There are no “special characters” which should cause trouble when encountered in a name, yet people regularly encounter cases of systems rejecting their names as “invalid”. Obviously, if a government has recognised someone’s name as their official name, then their name is valid. So don’t try to be clever and implement any kind of validation or cleanup beyond basic trimming of leading and trailing whitespace and Unicode normalisation.
John Graham-Cumming blogged about the hyphen in his name being rejected by Yahoo in 2010, but you see this complaint on Twitter frequently today.
People with apostrophes in their names are picked on particularly often, quite possibly because a developer heard about SQL injection attacks, and instead of fixing them properly, decided to ban apostrophes in all fields.
Spaces can occur in names. Colons can occur in names. Most likely anything can occur in names, so it’s best not to restrict it at all.
- Fallacy 15: People’s names do not contain numbers.

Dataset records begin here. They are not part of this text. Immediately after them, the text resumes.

(* For all $\mathbf U,\mathbf V\in\mathcal E([0,T];\mathcal A_X^{\otimes2})$, $$\varphi\big(\delta^X(\mathbf U)\,\delta^X(\mathbf V)^*\big)=(\varphi\times\varphi)\big(\langle\mathbf U;\mathbf V^*\rangle_{\mathcal H}\big)+(\varphi\times\varphi\times\varphi)\big(\mathcal T_{\mathcal H}(\mathbf U,\mathbf V)\big),$$ where $\mathcal T_{\mathcal H}:\mathcal E([0,T];\mathcal A_X^{\otimes2})^2\to\mathcal A_X^{\otimes3}$ is the bilinear extension of $$\mathcal T_{\mathcal H}(\mathbf Fh,\mathbf Gk):=\langle D^X_1\mathbf F,k\rangle_{\mathcal H}\cdot\langle(D^X_2\mathbf G)^*,h\rangle_{\mathcal H}+\langle D^X_2\mathbf F,k\rangle_{\mathcal H}\cdot\langle(D^X_1\mathbf G)^*,h\rangle_{\mathcal H}$$ for $\mathbf F,\mathbf G\in\mathcal A_X^{\otimes 2}$, $h,k\in\mathcal E([0,T];\mathbb R)$ (the product $\cdot$ being the componentwise product in $\mathcal A_X^{\otimes3}$).
   Context: NC probability space: a pair $(\mathcal A,\varphi)$ with $\mathcal A$ a unital complex Banach $*$-algebra with $\|XY\|\le\|X\|\|Y\|$, $\|X^*X\|=\|X\|^2$, and $\varphi$ a linear functional with $\varphi(1)=1$, $\varphi(XY)=\varphi(YX)$, $\varphi(X^*X)\ge0$, $\varphi(X^*X)=0\Rightarrow X=0$. For $k\ge2$, $\mathcal A^{\otimes k}$ is the algebraic tensor product with componentwise product $(F_1\otimes\cdots\otimes F_k)\cdot(G_1\otimes\cdots\otimes G_k)=(F_1G_1)\otimes\cdots\otimes(F_kG_k)$, involution $(F_1\otimes\cdots\otimes F_k)^*=F_1^*\otimes\cdots\otimes F_k^*$, and $\varphi^{\times k}(F_1\otimes\cdots\otimes F_k)=\varphi(F_1)\cdots\varphi(F_k)$ (written $\varphi\times\varphi$, $\varphi\times\varphi\times\varphi$), all extended linearly. Also $(F_1\otimes F_2)\sharp G:=F_1GF_2$ and $(\mathrm{Id}\times\varphi\times\mathrm{Id})(F_1\otimes F_2\otimes F_3):=\varphi(F_2)F_1F_3$, extended linearly. A centered semicircular process $\{X_t\}_{t\in[0,T]}$ is a family of self-adjoint elements whose mixed moments satisfy the free Wick formula $\varphi(X_{t_1}\cdots X_{t_r})=\sum_{\pi\in NC_2(r)}\prod_{\{p,q\}\in\pi}\varphi(X_{t_p}X_{t_q})$ for even $r$ ($NC_2(r)$ = non-crossing pairings of $\{1,\dots,r\}$) and vanishing odd moments. Fix $T>0$ and a centered semicircular process $\{X_t\}_{t\in[0,T]}$ in $(\mathcal A,\varphi)$; $\mathcal A_X$ is the unital subalgebra generated by $\{X_t\}$. $\mathcal E([0,T];\mathbb R)$ is the space of step functions $h=\sum_i\alpha_i\mathbf 1_{[a_i,b_i)}$, and $X(h):=\sum_i\alpha_i(X_{b_i}-X_{a_i})$. $\mathcal H$ is the completion of $\mathcal E([0,T];\mathbb R)$ for the inner product determined by $\langle\mathbf 1_{[0,s]},\mathbf 1_{[0,t]}\rangle_{\mathcal H}=\varphi(X_sX_t)$. For an algebra $E$, $\mathcal E([0,T];E)$ is the set of finite sums $\sum_i x_ih_i$ with $x_i\in E$, $h_i$ step functions. Pairings: $\langle xh,k\rangle_{\mathcal H}=\langle h,xk\rangle_{\mathcal H}:=x\langle h,k\rangle_{\mathcal H}$ and $\langle xh;yk\rangle_{\mathcal H}:=(x\cdot y)\langle h,k\rangle_{\mathcal H}$, extended bilinearly; for $\mathbf U=\sum_ix_ih_i$, $\mathbf U^*:=\sum_ix_i^*h_i$. $D^X:\mathcal A_X\to\mathcal E([0,T];\mathcal A_X^{\otimes2})$ is the linear map with $D^X1=0$ and $D^X\big(X(h_1)\cdots X(h_m)\big)=\sum_{i=1}^m\big[(X(h_1)\cdots X(h_{i-1}))\otimes(X(h_{i+1})\cdots X(h_m))\big]h_i$ (empty products $=1$). For $F_1,F_2\in\mathcal A_X$, $D^X_1(F_1\otimes F_2):=D^XF_1\otimes F_2$, $D^X_2(F_1\otimes F_2):=F_1\otimes D^XF_2$ (in $\mathcal E([0,T];\mathcal A_X^{\otimes3})$), extended linearly, and $D^X:=D^X_1+D^X_2$. The divergence: $\delta^X(\mathbf Fh):=\mathbf F\sharp X(h)-(\mathrm{Id}\times\varphi\times\mathrm{Id})\big(\langle D^X\mathbf F,h\rangle_{\mathcal H}\big)$ for $\mathbf F\in\mathcal A_X^{\otimes2}$, $h$ a step function, extended linearly to $\mathcal E([0,T];\mathcal A_X^{\otimes2})$. *)

theory Defs
  imports "HOL-Analysis.Analysis"
begin

text \<open>A complex unital Banach algebra is modelled as a real unital Banach algebra
  together with a central element ii with ii * ii = -1 giving the complex scalar
  multiplication scaleC; the norm is required to be homogeneous for complex scalars.\<close>

definition scaleC :: "'a::real_algebra_1 \<Rightarrow> complex \<Rightarrow> 'a \<Rightarrow> 'a" where
  "scaleC ii c x = Re c *\<^sub>R x + Im c *\<^sub>R (ii * x)"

- Fallacy 16: People’s names are not written in ALL CAPS.
- Fallacy 17: People’s names are not written in all lower case letters.
- Fallacy 39: People whose names break my system are weird outliers. They should have had solid, acceptable names, like 田中太郎.
You can’t even assume that a person won’t have multiple name parts with the same value.
- Fallacy 19: People’s first names and last names are, by necessity, different.
And of course, you definitely can’t assume that someone’s name won’t contain something that you or your dictionary consider a “bad” word.
Several people with the surname Cummings on Twitter have been seen complaining about systems rejecting their names.
In general, this problem is referred to as the Scunthorpe problem.
- Fallacy 31: I can safely assume that this dictionary of bad words contains no people’s names in it.